Fifi wondered if killing someone by starvation could be classified as murder, or would it be called ‘misadventure’ or some such thing if their captors claimed they’d been unable to get back? How long would it take? Two weeks, three? Or longer still? But she didn’t voice her anxiety as she felt entirely responsible for their plight.
Fifi had a dream that she was lying on a beach sunbathing. She woke to find it was sunshine on her face, coming from the high window.
Yvette was standing up stretching; she turned and smiled down at Fifi. ‘It does not seem so bad when the sun shines,’ she said. ‘But I weesh for a cup of coffee.’
Fifi looked at her watch and saw it was nearly ten. She was astounded she had managed to sleep so long, and remarked on it.
‘I think ze body knows when there is nothing to get up for,’ Yvette said. ‘When I first came to England I used to sleep from Saturday right to Monday morning. It was cold; I had little money and no friends then. Sleep was good.’
Fifi got up and used the bucket while Yvette tactfully turned away.
‘Why did you come to England?’ Fifi asked after she’d had a couple of mouthfuls of water. ‘Don’t you have any family in France?’
‘My mother died in the war,’ Yvette said. ‘I did not wish to have sad reminders.’
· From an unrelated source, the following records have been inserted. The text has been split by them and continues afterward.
(* Consider the augmenting-path algorithm for online generalized network flow with resulting flows $x^{(0)},x^{(1)},\dots,x^{(T)}$. Let $t\in[T]$ and let $v$ be a vertex of the graph at time $t-1$. Then $\mathrm{height}_t(v)\ge\mathrm{height}_{t-1}(v)$.
   Context: Generalized network flow instance: digraph $G=(V,E)$ without anti-parallel edges, sources with no incoming edges, sink $\tau$ with no outgoing edges, edge capacities $\mu_e>0$, costs $c_e>0$, gains $\gamma_e>0$; convention: every vertex $v\ne\tau$ has a dummy edge $v\tau$ of infinite capacity, gain $1$ and sufficiently large cost $B$. Online generalized network flow: sources $s_1,\dots,s_T$ (each with supply $1$) arrive one at a time with their outgoing edges. Residual graph $G^x$ for $x$ with $0\le x_e\le\mu_e$: forward edge $uv$ (capacity $\mu_{uv}-x_{uv}$, cost $c_{uv}$, gain $\gamma_{uv}$) if $x_{uv}<\mu_{uv}$; backward edge $vu$ (capacity $\gamma_{uv}x_{uv}$, cost $0$, gain $1/\gamma_{uv}$) if $x_{uv}>0$. A fractional augmenting path from $s\neq\tau$ in $G^x$ is $f\ge0$ on the residual edges with out-minus-gain-weighted-in flow equal to $1$ at $s$ and $0$ at every vertex other than $s,\tau$; cost $\sum_e c^x_ef_e$. It is an augmenting path if its support is a path from $s$ to $\tau$, or a cycle through $s$ avoiding $\tau$, or a cycle avoiding $s,\tau$ together with a path from $s$ to the cycle internally disjoint from it. Augmenting $x$ by $\theta$ units using $f$: for each forward residual edge $uv$ set $x_{uv}\gets x_{uv}+\theta f_{uv}$, and for each backward residual edge $vu$ set $x_{uv}\gets x_{uv}-\theta f_{vu}/\gamma_{uv}$. The algorithm: $x^{(0)}=0$; at time $t$, add $s_t$ and its edges, set $x\gets x^{(t-1)}$ (zero on new edges), and while $\sum_{e\in\delta^+(s_t)}x_e<1$, find a cheapest augmenting path $f$ from $s_t$ in $G^x$, let $\theta>0$ be the largest value such that augmenting by $\theta$ using $f$ keeps $x_e\in[0,\mu_e]$ for all $e$ and $\sum_{e\in\delta^+(s_t)}x_e\le1$, and augment; finally $x^{(t)}\gets x$. For a vertex $v\ne\tau$ present at time $t$, $\mathrm{height}_t(v)$ is the minimum cost of an augmenting path from $v$ in $G^{x^{(t)}}$; $\mathrm{height}_t(\tau)=0$. *)

theory Defs
  imports Complex_Main
begin

text \<open>Real edges are pairs
  of vertices; the dummy edge v\<rightarrow>sink of every vertex v is represented
  separately (Inr v), with infinite capacity, gain 1 and cost B.\<close>

record 'v gnet =
  verts  :: "'v set"
  redges :: "('v \<times> 'v) set"
  sink   :: 'v
  cap    :: "'v \<times> 'v \<Rightarrow> real"
  ecost  :: "'v \<times> 'v \<Rightarrow> real"
  egain  :: "'v \<times> 'v \<Rightarrow> real"

type_synonym 'v edge = "('v \<times> 'v) + 'v"
type_synonym 'v redge = "'v edge \<times> bool"  \<comment> \<open>True = forward, False = backward\<close>
type_synonym 'v flow = "'v edge \<Rightarrow> real"

definition tailE :: "'v edge \<Rightarrow> 'v" where
  "tailE e = (case e of Inl a \<Rightarrow> fst a | Inr v \<Rightarrow> v)"

definition headE :: "'v gnet \<Rightarrow> 'v edge \<Rightarrow> 'v" where
  "headE N e = (case e of Inl a \<Rightarrow> snd a | Inr v \<Rightarrow> sink N)"

definition costE :: "'v gnet \<Rightarrow> real \<Rightarrow> 'v edge \<Rightarrow> real" where
  "costE N B e = (case e of Inl a \<Rightarrow> ecost N a | Inr v \<Rightarrow> B)"

definition gainE :: "'v gnet \<Rightarrow> 'v edge \<Rightarrow> real" where
  "gainE N e = (case e of Inl a \<Rightarrow> egain N a | Inr v \<Rightarrow> 1)"

definition below_cap :: "'v gnet \<Rightarrow> 'v flow \<Rightarrow> 'v edge \<Rightarrow> bool" where
  "below_cap N x e = (case e of Inl a \<Rightarrow> x e < cap N a | Inr v \<Rightarrow> True)"

definition within_cap :: "'v gnet \<Rightarrow> 'v flow \<Rightarrow> 'v edge \<Rightarrow> bool" where
  "within_cap N x e = (case e of Inl a \<Rightarrow> x e \<le> cap N a | Inr v \<Rightarrow> True)"

definition gnf_instance :: "'v gnet \<Rightarrow> (nat \<Rightarrow> 'v) \<Rightarrow> nat \<Rightarrow> bool" where
  "gnf_instance N s T \<longleftrightarrow>
     finite (verts N) \<and> redges N \<subseteq> verts N \<times> verts N \<and> sink N \<in> verts N \<and>
     (\<forall>(u,w)\<in>redges N. (w,u) \<notin> redges N) \<and>
     (\<forall>(u,w)\<in>redges N. u \<noteq> sink N) \<and>
     (\<forall>e\<in>redges N. cap N e > 0 \<and> ecost N e > 0 \<and> egain N e > 0) \<and>
     inj_on s {1..T} \<and>
     (\<forall>i\<in>{1..T}. s i \<in> verts N \<and> s i \<noteq> sink N \<and> (\<forall>(u,w)\<in>redges N. w \<noteq> s i))"

text \<open>Graph present at time t: all vertices except the sources that have not yet arrived.\<close>
definition verts_at :: "'v gnet \<Rightarrow> (nat \<Rightarrow> 'v) \<Rightarrow> nat \<Rightarrow> nat \<Rightarrow> 'v set" where
  "verts_at N s T t = verts N - s ` {Suc t..T}"

definition edges_at :: "'v gnet \<Rightarrow> (nat \<Rightarrow> 'v) \<Rightarrow> nat \<Rightarrow> nat \<Rightarrow> 'v edge set" where
  "edges_at N s T t =
     {Inl a | a. a \<in> redges N \<and> fst a \<in> verts_at N s T t} \<union>
     {Inr v | v. v \<in> verts_at N s T t \<and> v \<noteq> sink N}"

definition res_edges :: "'v gnet \<Rightarrow> (nat \<Rightarrow> 'v) \<Rightarrow> nat \<Rightarrow> nat \<Rightarrow> 'v flow \<Rightarrow> 'v redge set" where
  "res_edges N s T t x =
     {(e, True) | e. e \<in> edges_at N s T t \<and> below_cap N x e} \<union>
     {(e, False) | e. e \<in> edges_at N s T t \<and> x e > 0}"

definition rtail :: "'v gnet \<Rightarrow> 'v redge \<Rightarrow> 'v" where
  "rtail N r = (if snd r then tailE (fst r) else headE N (fst r))"

definition rhead :: "'v gnet \<Rightarrow> 'v redge \<Rightarrow> 'v" where
  "rhead N r = (if snd r then headE N (fst r) else tailE (fst r))"

definition rcost :: "'v gnet \<Rightarrow> real \<Rightarrow> 'v redge \<Rightarrow> real" where
  "rcost N B r = (if snd r then costE N B (fst r) else 0)"

definition rgain :: "'v gnet \<Rightarrow> 'v redge \<Rightarrow> real" where
  "rgain N r = (if snd r then gainE N (fst r) else 1 / gainE N (fst r))"

definition frac_aug_path ::
  "'v gnet \<Rightarrow> (nat \<Rightarrow> 'v) \<Rightarrow> nat \<Rightarrow> nat \<Rightarrow> 'v flow \<Rightarrow> 'v \<Rightarrow> ('v redge \<Rightarrow> real) \<Rightarrow> bool" where
  "frac_aug_path N s T t x a f \<longleftrightarrow>
     (\<forall>r. 0 \<le> f r) \<and> (\<forall>r. f r \<noteq> 0 \<longrightarrow> r \<in> res_edges N s T t x) \<and>
     (\<forall>w \<in> verts_at N s T t - {sink N}.
        (\<Sum>r\<in>{r \<in> res_edges N s T t x. rtail N r = w}. f r)
        - (\<Sum>r\<in>{r \<in> res_edges N s T t x. rhead N r = w}. rgain N r * f r)
        = (if w = a then 1 else 0))"

definition path_cost ::
  "'v gnet \<Rightarrow> real \<Rightarrow> (nat \<Rightarrow> 'v) \<Rightarrow> nat \<Rightarrow> nat \<Rightarrow> 'v flow \<Rightarrow> ('v redge \<Rightarrow> real) \<Rightarrow> real" where
  "path_cost N B s T t x f = (\<Sum>r\<in>res_edges N s T t x. rcost N B r * f r)"

fun rchain :: "'v gnet \<Rightarrow> 'v redge list \<Rightarrow> bool" where
  "rchain N [] = True"
| "rchain N [r] = True"
| "rchain N (r1 # r2 # rs) = (rhead N r1 = rtail N r2 \<and> rchain N (r2 # rs))"

definition pverts :: "'v gnet \<Rightarrow> 'v redge list \<Rightarrow> 'v list" where
  "pverts N rs = map (rtail N) rs @ [rhead N (last rs)]"

definition is_rpath :: "'v gnet \<Rightarrow> 'v redge list \<Rightarrow> 'v \<Rightarrow> 'v \<Rightarrow> bool" where
  "is_rpath N rs a b \<longleftrightarrow> rs \<noteq> [] \<and> rchain N rs \<and> rtail N (hd rs) = a \<and>
     rhead N (last rs) = b \<and> distinct (pverts N rs)"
The crisp way she spoke suggested she did not want to talk about it, so Fifi took her comb from her handbag and began combing her hair.
‘You have such pretty hair,’ Yvette said, sitting down on the mattress beside Fifi. ‘I always weesh I was a blonde. When the Germans came to Paris, some mothers bleached their girls’ dark hair.’
‘Why?’ Fifi asked.
‘To try and pass them for gentile,’ Yvette said with a grimace. ‘It did not work too well, many ended up with orange hair.’
Fifi was suddenly taken back to an event in her early childhood when she must have been six or so. She woke to hear her mother crying and went downstairs. Her parents were in the kitchen, and her father was holding her mother in his arms while she sobbed.
‘You shouldn’t have gone to see it,’ her father was saying. ‘I told you it would be too upsetting.’
Fifi had always been a great one for lurking in the hallway or outside rooms while grown-ups were talking. Her parents used to get very cross with her about it. But however much they said things like eavesdroppers never hear anything good about themselves, she could never resist it. But that night she ran back to bed, frightened by what she’d seen and heard.
That evening her mother had gone out to the cinema with her sister. They went out nearly every week together, and always before her mother would be laughing when she came in. Sometimes she’d hear her telling Daddy the whole story of the film.
The following morning her mother still had red, swollen eyes from crying and Fifi asked her why.
‘Because I saw the most dreadful, terrible film,’ she said.
A trip to the cinema was a huge treat for Fifi. She’d seen Snow White, Dumbo and Bambi, and she couldn’t imagine how a film could be anything but wonderful.
‘Was it sad like when Bambi’s mummy died?’ she asked.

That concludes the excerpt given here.